Source records:
text \<open>Substituting \<open>t = 1 - 2\<epsilon>\<close> turns \<open>g\<close> into \<open>log\<^sub>2 Z(t) - 4\<gamma> log\<^sub>2 t\<close> with
  \<open>Z(t) = 1 + 6t\<^sup>2 + t\<^sup>4\<close>, the weight enumerator of the even-weight words of length 4.  Its
  derivative has the sign of \<open>\<Phi>(t) - \<gamma>\<close>, where \<open>\<Phi>(t) = (3t\<^sup>2 + t\<^sup>4) / Z(t)\<close> increases strictly
  from 0 to 1/2 on [0,1]; this gives the unique critical point and unimodality.

  For the limit, read a zero-sum quadruple in \<open>L\<^sub>k\<^sup>4\<close> column by column as a word of length \<open>n\<close>
  over the eight even-weight columns.  Weighting a column of weight \<open>w\<close> by \<open>t\<^sup>w\<close> bounds the count by
  \<open>Z(t)\<^sup>n / t\<^sup>4\<^sup>k\<close>.  Conversely, fixing the number of columns of each type according to the tilted
  distribution \<open>t\<^sup>w / Z(t)\<close> gives a multinomial lower bound whose exponential rate is the entropy
  of that distribution.  When \<open>\<Phi>(t) = \<gamma>\<close> both rates equal \<open>g\<close> at its minimum.\<close>

section \<open>The critical point and unimodality of \<open>g\<close>\<close>

definition even_enum :: "real \<Rightarrow> real" where
  "even_enum t = 1 + 6 * t^2 + t^4"

definition mean_weight :: "real \<Rightarrow> real" where
  "mean_weight t = (3 * t^2 + t^4) / even_enum t"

REQUIREMENT → Look through the entries above; find each line with the word "columns" and copy it.

YOUR SOLUTION →
  over the eight even-weight columns.  Weighting a column of weight \<open>w\<close> by \<open>t\<^sup>w\<close> bounds the count by
  \<open>Z(t)\<^sup>n / t\<^sup>4\<^sup>k\<close>.  Conversely, fixing the number of columns of each type according to the tilted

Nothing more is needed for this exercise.